Companies that are remote but not async

Some remote companies run in a fundamentally synchronous way. They can still be great places to work — just not async.

  • Many early-stage startups (under 30 people). Velocity demands more real-time coordination.
  • US-centric companies that expanded remote post-2020 but kept their meeting-heavy culture.
  • Sales-heavy organizations where outbound motion requires coordination.
  • Companies where the founder runs a lot of the decision-making via personal conversation.

If you value async but the role is at a sync-heavy remote company, expect 15 to 25 hours/week of meetings and compulsive Slack response. Some people are fine with that; some aren't.

Questions to ask in the interview

Ask directly. Their answers are more informative than their public claims.

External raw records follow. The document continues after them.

(* Let $P\subseteq\mathbb{C}$ be a finitely generated field extension of $\mathbb{Q}$, $q$ a prime, and $\epsilon$ a root of unity of order $q$. If $a\in P$ is $q$-simple in $P$, then $a$ is $q$-simple in $P(\epsilon)$.
   Context: $\mu$ is the group of all roots of unity in $\mathbb{C}^\times$. For a field $K\subseteq\mathbb{C}$ and integer $k>1$, a nonzero $a\in K$ is $k$-simple in $K$ if $a\notin\mu$ and for all $b\in K$, $\epsilon\in\mu$ and integers $d$, $a^d=b^k\epsilon$ implies $k\mid d$. *)

theory Defs
  imports Complex_Main "HOL-Computational_Algebra.Primes"
begin

definition is_subfield :: "complex set \<Rightarrow> bool" where
  "is_subfield K \<longleftrightarrow> 0 \<in> K \<and> 1 \<in> K \<and>
     (\<forall>x\<in>K. \<forall>y\<in>K. x + y \<in> K \<and> x * y \<in> K) \<and>
     (\<forall>x\<in>K. - x \<in> K) \<and> (\<forall>x\<in>K. x \<noteq> 0 \<longrightarrow> inverse x \<in> K)"

definition gen_field :: "complex set \<Rightarrow> complex set" where
  "gen_field S = \<Inter> {K. is_subfield K \<and> S \<subseteq> K}"

definition fin_gen_field :: "complex set \<Rightarrow> bool" where
  "fin_gen_field P \<longleftrightarrow> (\<exists>S. finite S \<and> P = gen_field S)"

definition adjoin :: "complex set \<Rightarrow> complex \<Rightarrow> complex set" where
  "adjoin P e = gen_field (insert e P)"

definition roots_of_unity :: "complex set" where
  "roots_of_unity = {z. \<exists>n::nat. n > 0 \<and> z ^ n = 1}"

definition root_of_unity_order :: "complex \<Rightarrow> nat \<Rightarrow> bool" where
  "root_of_unity_order e n \<longleftrightarrow> n > 0 \<and> e ^ n = 1 \<and> (\<forall>m. 0 < m \<and> m < n \<longrightarrow> e ^ m \<noteq> 1)"

definition k_simple :: "nat \<Rightarrow> complex set \<Rightarrow> complex \<Rightarrow> bool" where
  "k_simple k K a \<longleftrightarrow> a \<in> K \<and> a \<noteq> 0 \<and> a \<notin> roots_of_unity \<and>
     (\<forall>b\<in>K. \<forall>e\<in>roots_of_unity. \<forall>d::int. a powi d = b ^ k * e \<longrightarrow> int k dvd d)"

end

theory Submission
  imports Defs "HOL-Algebra.Finite_Extensions" "HOL-Computational_Algebra.Fundamental_Theorem_Algebra"
begin

(* Suppose a^d = b^q \<epsilon> with b \<in> P(e), \<epsilon> a root of unity and q not dividing d.
   Bezout turns this into a = c^q \<epsilon>' with c \<in> P(e), so c^(qm) = a^m \<in> P for some m > 0.
   Hence every conjugate of c over P is c times a root of unity, and the constant coefficient
   of the minimal polynomial of c is an element u = c^r \<zeta> of P, where r = [P(c):P] satisfies
   0 < r \<le> [P(e):P] < q. Then a^r = u^q \<delta> with \<delta> a root of unity, contradicting
   q-simplicity of a in P. *)

hide_const (open) Divisibility.prime

context domain
begin

lemma degree_Irr_le_of_root:
  assumes K: "subfield K R" and p: "p \<in> carrier (K[X])" "p \<noteq> []"
    and x: "x \<in> carrier R" "eval p x = \<zero>"
  shows "(algebraic over K) x" and "Polynomials.degree (Irr K x) \<le> Polynomials.degree p"
proof -
  show alg: "(algebraic over K) x"
    using algebraicI[OF p x(2)] .
  have "Irr K x pdivides p"
    using Irr_minimal[OF K x(1) alg p(1) x(2)] .
  then show "Polynomials.degree (Irr K x) \<le> Polynomials.degree p"
    using pdivides_imp_degree_le[OF subfieldE(1)[OF K] IrrE(1)[OF K x(1) alg] p] by blast
qed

  1. "What does a typical Tuesday look like for someone on this team?" Count the meetings. Count the deep-work blocks.
  2. "How are non-trivial decisions made?" If the answer involves a meeting, it's sync. If it involves a doc with a decision-owner and a comment period, it's async.
  3. "What's the expectation for Slack response time?" "Within a few hours" or "end of day" = async. "Fast" or "instant" = sync.
  4. "How do you document outcomes of important discussions?" Written summaries, decision logs = async. "We just discuss it in standup" = sync.
  5. "What are your core hours?" 2 to 4 hours = async-friendly. 7+ hours = sync.
  6. "How does the team onboard new hires?" A documented onboarding plan that doesn't require constant pairing = async-healthy. "We mostly pair in real time for the first 4 weeks" = sync.

Good answers match what the public handbook or blog posts have already said. Mismatches are a red flag.

When async matters most

Async is especially important if:

  • You work across 4+ time zone offset from the majority of the team.
  • You have caregiving responsibilities that require flexibility during the workday.
  • You do deep creative or engineering work that needs uninterrupted blocks.
  • You live outside the company's primary country/region.
  • You've worked at sync-heavy companies before and don't want to repeat the burnout.

Async matters less if:

  • The team is in one time zone.
  • The work is inherently collaborative (pair programming, brainstorming-heavy product).
  • You personally prefer real-time back-and-forth.
  • The role is client-facing with external SLAs.

Common misconception

Async ≠ antisocial. Good async companies still have strong team relationships, regular video calls, and offsites. The difference is that the social and relational parts are scheduled deliberately, not scattered throughout the workday.

Async done well often produces more genuine connection, because the team isn't burned out from constant context-switching.

The bottom line

Async-friendly remote is a specific subculture within remote work. Companies like GitLab, Automattic, Doist, and HashiCorp have published how they operate in enough detail that you can evaluate them before applying. Use interview questions to test whether a company's async claim matches its actual practices. The difference between sync-heavy remote and async-friendly remote is larger than the difference between remote and office.